His ascension to the Presidency can largely be attributed to a combination of corruption and cowardice.

Since 2008, pressured by a biased, left-leaning media, a spineless Republican Party leadership joined the Democrats in refusing to vet Obama in violation of the Constitution and common sense. Out of fear or complicity, a conspiracy of silence has descended upon the public discourse regarding all questions related to Obama's background and fitness for office. Despite the enormous historical and Constitutional implications, the politicians and the media, not only have remained silent, but have actively suppressed legitimate inquiry.

When the truth is eventually told, the chronicles of the Obama years will represent the most sordid in American history.

Having been granted immunity from any uncomfortable questions about his personal history, Obama has established lying as an instrument of government policy e.g. Fast and Furious, Benghazi, IRS, NSA and Obamacare. He has also attempted to render Congress powerless by unlawfully assuming executive authority not granted under the Constitution in order to continue, unobstructed, his fundamental transformation of the United States.

Left unimpeded, the inevitable result of Obama's policies will be a dystopia, characterized by a cataclysmic decline of society, in which a totalitarian government enforces ruthless egalitarianism by suppressing or denouncing ability and accomplishment, or even competence, as forms of inequality. Obama aims to create dependency on the state and will continue efforts to prevent the family from reestablishing itself as America's primary social institution.

Like "Nineteen Eighty-Four," Obama's dystopia will be a world of perpetual crisis, omnipresent government surveillance, misinformation and manipulation by state-controlled media; all governed by a privileged and oppressive political elite led by a quasi-divine party leader who enjoys an intense cult of personality and considers personal liberty as a source of unhappiness.
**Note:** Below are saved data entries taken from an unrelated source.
text \<open>On \<open>A\<close> the integrand \<open>f\<^sup>2\<close> is at most \<open>T\<^sup>2\<close> and off \<open>A\<close> at least \<open>T\<^sup>2\<close>, so its mean over \<open>A\<close>
  is at most its mean over the complement, and hence at most the overall mean.\<close>

lemma cond_expect_square_truncation_le:
  fixes T :: real
  assumes [measurable]: "f \<in> borel_measurable M"
    and int: "integrable M (\<lambda>\<omega>. (f \<omega>)\<^sup>2)"
  defines "A \<equiv> {\<omega> \<in> space M. \<bar>f \<omega>\<bar> \<le> T}"
  shows "cond_expect M A (\<lambda>\<omega>. (f \<omega>)\<^sup>2) \<le> expectation (\<lambda>\<omega>. (f \<omega>)\<^sup>2)"
proof (cases "prob A = 0")
  case False
  have [measurable]: "A \<in> events"
    unfolding A_def by measurable
  define a where "a = (\<integral>\<omega>. indicator A \<omega> * (f \<omega>)\<^sup>2 \<partial>M)"
  have int_ind: "integrable M (indicator A :: 'a \<Rightarrow> real)"
    by (rule integrable_events_indicator) simp
  have int_A: "integrable M (\<lambda>\<omega>. indicator A \<omega> * (f \<omega>)\<^sup>2)"
    using integrable_real_mult_indicator[OF _ int, of A] by (simp add: mult.commute)
  have square_le: "(f \<omega>)\<^sup>2 \<le> T\<^sup>2" if "\<omega> \<in> A" for \<omega>
    using that power_mono[of "\<bar>f \<omega>\<bar>" T 2] by (simp add: A_def)
  have "A \<noteq> {}"
    using False by auto
  then have "0 \<le> T"
    unfolding A_def by force
  then have square_ge: "T\<^sup>2 \<le> (f \<omega>)\<^sup>2" if "\<omega> \<in> space M" "\<omega> \<notin> A" for \<omega>
    using that power_mono[of T "\<bar>f \<omega>\<bar>" 2] by (auto simp: A_def)
  have "a \<le> (\<integral>\<omega>. indicator A \<omega> * T\<^sup>2 \<partial>M)"
    unfolding a_def using int_A int_ind square_le
    by (intro integral_mono) (auto split: split_indicator)
  then have inside: "a \<le> T\<^sup>2 * prob A"
    by (simp add: mult.commute)
  have "T\<^sup>2 * (1 - prob A) = (\<integral>\<omega>. (1 - indicator A \<omega>) * T\<^sup>2 \<partial>M)"
    using int_ind by (simp add: left_diff_distrib prob_space mult.commute)
  also have "\<dots> \<le> (\<integral>\<omega>. (1 - indicator A \<omega>) * (f \<omega>)\<^sup>2 \<partial>M)"
    using int int_A int_ind square_ge
    by (intro integral_mono) (auto simp: left_diff_distrib split: split_indicator)
  also have "\<dots> = expectation (\<lambda>\<omega>. (f \<omega>)\<^sup>2) - a"
    using int int_A by (simp add: a_def left_diff_distrib)
  finally have outside: "T\<^sup>2 * (1 - prob A) \<le> expectation (\<lambda>\<omega>. (f \<omega>)\<^sup>2) - a" .
  have "a * (1 - prob A) \<le> prob A * (expectation (\<lambda>\<omega>. (f \<omega>)\<^sup>2) - a)"
    using mult_right_mono[OF inside, of "1 - prob A"] mult_left_mono[OF outside, of "prob A"]
    by (simp add: algebra_simps)
  then have "a \<le> prob A * expectation (\<lambda>\<omega>. (f \<omega>)\<^sup>2)"
    by (simp add: algebra_simps)
  then show ?thesis
    using False by (simp add: cond_expect_def a_def[symmetric] divide_le_eq mult.commute)
qed (simp add: cond_expect_def integral_nonneg_AE)
lemma mutually_max_distant_ZE_iff:
  assumes "x \<in> ZV n k" and "y \<in> ZV n k" and "x \<noteq> y"
  shows "mutually_max_distant (ZV n k) (ZE n k) x y \<longleftrightarrow> supp_edge x y"
proof -
  have "y \<noteq> x" and "fst x \<noteq> {}" using assms ZV_fst by auto
  then show ?thesis
    unfolding mutually_max_distant_def supp_edge_def
      max_distant_ZE_iff[OF assms] max_distant_ZE_iff[OF assms(2,1) \<open>y \<noteq> x\<close>]
    by auto
qed

lemma exists_supp_edge:
  assumes x: "x \<in> ZV n k"
  obtains y where "y \<in> ZV n k" and "y \<noteq> x" and "supp_edge x y"
proof -
  have supp: "fst x \<subseteq> {..<n}" "fst x \<noteq> {}" "fst x \<noteq> {..<n}" using ZV_fst[OF x] by auto
  then obtain i where i: "i \<in> fst x" by auto
  show ?thesis
  proof (cases "fst x = {i}")
    case True
    moreover have "i < n" using i supp by auto
    ultimately obtain j' where y: "({i}, j') \<in> ZV n k" and "j' \<noteq> snd x"
      using supp atom_chain_other by metis
    then have "({i}, j') \<noteq> x" by auto
    moreover have "supp_edge x ({i}, j')" using True by (simp add: supp_edge_def)
    ultimately show ?thesis by (rule that[OF y])
  next
    case False
    then obtain i' where i': "i' \<in> fst x" "i' \<noteq> i" using i by auto
    obtain j where j: "j \<in> {..<n}" "j \<notin> fst x" using supp by auto
    let ?a = "fst x - {i'} \<union> {j}"
    have "i' \<in> {..<n} - ?a" using supp i' j by auto
    then have "?a \<noteq> {..<n}" by blast
    moreover have "?a \<subseteq> {..<n}" using supp j by blast
    ultimately have "(?a, 1) \<in> ZV n k" by (intro ZV_memI) auto
    moreover have "(?a, 1) \<noteq> x" using j by (metis UnI2 fst_conv singletonI)
    moreover have "supp_edge x (?a, 1)"
      unfolding supp_edge_def using i i' j by auto
    ultimately show ?thesis by (rule that)
  qed
qed

lemma boundary_ZE: "boundary (ZV n k) (ZE n k) = ZV n k"
proof (intro equalityI subsetI)
  fix x assume x: "x \<in> ZV n k"
  obtain y where y: "y \<in> ZV n k" "y \<noteq> x" and "supp_edge x y"
    using exists_supp_edge[OF x] .
  then have "mutually_max_distant (ZV n k) (ZE n k) x y"
    using mutually_max_distant_ZE_iff[OF x y(1)] by simp
  with x y(1) show "x \<in> boundary (ZV n k) (ZE n k)" unfolding boundary_def by blast
next
  show "x \<in> ZV n k" if "x \<in> boundary (ZV n k) (ZE n k)" for x
    using that unfolding boundary_def by blast
qed

lemma SSE_iff_SR_edge: "SSE n k x y \<longleftrightarrow> SR_edge (ZV n k) (ZE n k) x y"
  unfolding SR_edge_def boundary_ZE SSE_iff
  by (metis mutually_max_distant_ZE_iff)

end

theorem mainTheorem8:
  fixes n :: nat and k :: "nat set \<Rightarrow> nat"
  assumes "n \<ge> 3"
    and "blowup_ok n k"
    and "\<forall>i<n. card (clsB n k ({i}, 1)) \<ge> 2"
  shows "boundary (ZV n k) (ZE n k) = ZV n k \<and>
         (\<forall>x y. SSE n k x y \<longleftrightarrow> SR_edge (ZV n k) (ZE n k) x y)"
proof -
  interpret blowup n k by standard (rule assms(2))
  have long_atoms: "2 \<le> k {i}" if "i < n" for i
  proof -
    have "card (clsB n k ({i}, 1)) = k {i}" using card_clsB_atom assms(1) that by simp
    then show ?thesis using assms(3) that by metis
  qed
  interpret blowup_long_atoms n k by standard (rule long_atoms)
  show ?thesis using boundary_ZE SSE_iff_SR_edge by blast
qed

end
lemma coordinate_embedding_row_zero:
  "k < n \<Longrightarrow> j < n - 1 \<Longrightarrow> coordinate_embedding n k $$ (k, j) = 0"
  using insert_index_bounds[of k n j] unfolding coordinate_embedding_def by simp

lemma coordinate_embedding_isometry:
  assumes k: "k < n"
  shows "isometry_mat n (n - 1) (coordinate_embedding n k)"
  unfolding isometry_mat_def
proof (intro conjI coordinate_embedding_carrier eq_matI)
  let ?E = "coordinate_embedding n k"
  fix a b assume "a < dim_row (1\<^sub>m (n - 1))" "b < dim_col (1\<^sub>m (n - 1))"
  then have ab: "a < n - 1" "b < n - 1" by auto
  have "(mat_adjoint ?E * ?E) $$ (a, b)
      = (\<Sum>i<n. if i = insert_index k a then (if a = b then 1 else 0) else 0)"
    unfolding index_adjoint_mult_mat[OF coordinate_embedding_carrier coordinate_embedding_carrier ab]
    by (rule sum.cong) (use ab in \<open>auto simp: coordinate_embedding_def insert_index_def\<close>)
  then show "(mat_adjoint ?E * ?E) $$ (a, b) = 1\<^sub>m (n - 1) $$ (a, b)"
    using ab insert_index_bounds(1)[OF k ab(1)] by simp
qed (use coordinate_embedding_carrier in auto)

lemma coordinate_embedding_compression:
  assumes A: "A \<in> carrier_mat n n" and k: "k < n"
  shows "mat_adjoint (coordinate_embedding n k) * A * coordinate_embedding n k = mat_delete A k k"
proof (rule eq_matI)
  define E where "E = coordinate_embedding n k"
  have E: "E \<in> carrier_mat n (n - 1)"
    unfolding E_def by (rule coordinate_embedding_carrier)
  fix a b assume "a < dim_row (mat_delete A k k)" "b < dim_col (mat_delete A k k)"
  then have ab: "a < n - 1" "b < n - 1"
    using A by auto
  have AE: "(A * E) $$ (i, b) = A $$ (i, insert_index k b)" if "i < n" for i
  proof -
    have "(A * E) $$ (i, b) = (\<Sum>t<n. if t = insert_index k b then A $$ (i, t) else 0)"
      unfolding index_mult_mat_sum[OF A E that ab(2)]
      by (rule sum.cong) (use ab in \<open>auto simp: E_def coordinate_embedding_def\<close>)
    then show ?thesis
      using insert_index_bounds(1)[OF k ab(2)] by simp
  qed
  have "(mat_adjoint E * (A * E)) $$ (a, b)
      = (\<Sum>i<n. if i = insert_index k a then A $$ (i, insert_index k b) else 0)"
    unfolding index_adjoint_mult_mat[OF E mult_carrier_mat[OF A E] ab]
    by (rule sum.cong) (use ab AE in \<open>auto simp: E_def coordinate_embedding_def\<close>)
  also have "\<dots> = mat_delete A k k $$ (a, b)"
    using insert_index_bounds(1)[OF k ab(1)] mat_delete_index[of A "n - 1" k k a b] A ab k by simp
  finally show "(mat_adjoint E * A * E) $$ (a, b) = mat_delete A k k $$ (a, b)"
    using A E by (simp add: assoc_mult_mat_dim)
qed (use A coordinate_embedding_carrier in auto)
In his article, "Why Americans Are Not Taught History," Christopher Hitchens, identified the vulnerability of America's present-tense culture to the utopian myth.

That is, for the truly blissed-out and vacant servitude required by the Obama strategy, you need an otherwise sophisticated society to lose any sense of its own history and traditions. Using media deception and historical revisionism, the low-information voter will slouch towards Obama's utopia by a combination of governmental coercion as in George Orwell's "Nineteen Eighty-Four" and the hedonist nihilism of a painless, amusement-sodden, and stress-free consensus managed by the nanny-state found in Aldous Huxley's "Brave New World."

In the book "Amusing Ourselves to Death," Neil Postman notes that in "Nineteen Eighty-Four," people are controlled by inflicting pain; in "Brave New World," they are controlled by inflicting pleasure. Orwell feared we would become a captive culture. Huxley feared we would become a trivial culture. Obama plans to do both.

Ultimately, when the government is ruled by individuals unconstrained by law, there are few things that power cannot do. It can make political allies rich or paupers of political enemies. It can waste billions of dollars without accountability and destroy an economy without responsibility. It can make incompetent men high officials or make extraordinary men corpses.

The accumulation of excessive power in the federal government transforms it into a dysfunctional super-state dedicated to maintaining its own power irrespective of truth or the well-being of the country. The bureaucrats can ignore both morality and the lessons of history, in order to protect their appetite for and the use of raw power. Under such circumstances, the government need not fear that any of its agencies will intervene on behalf of the people, nor will it hear any protests from their elected representatives, nor anything but polite questions from the national media.

We now have a government and media of perfidious men and women, who are willing to risk the survival of the country rather than risk the truth.

There is a Cold Civil War underway in the United States to determine who should control the federal government. It is not a contest between the Democrat and Republican ideologies, but a battle between the entrenched power of the bipartisan political establishment versus the rights and liberties of the American people.

Representative and responsible government will not return to America simply by removing Obama. It will only be restored when Americans feel empowered by their political institutions, not misled or oppressed by them.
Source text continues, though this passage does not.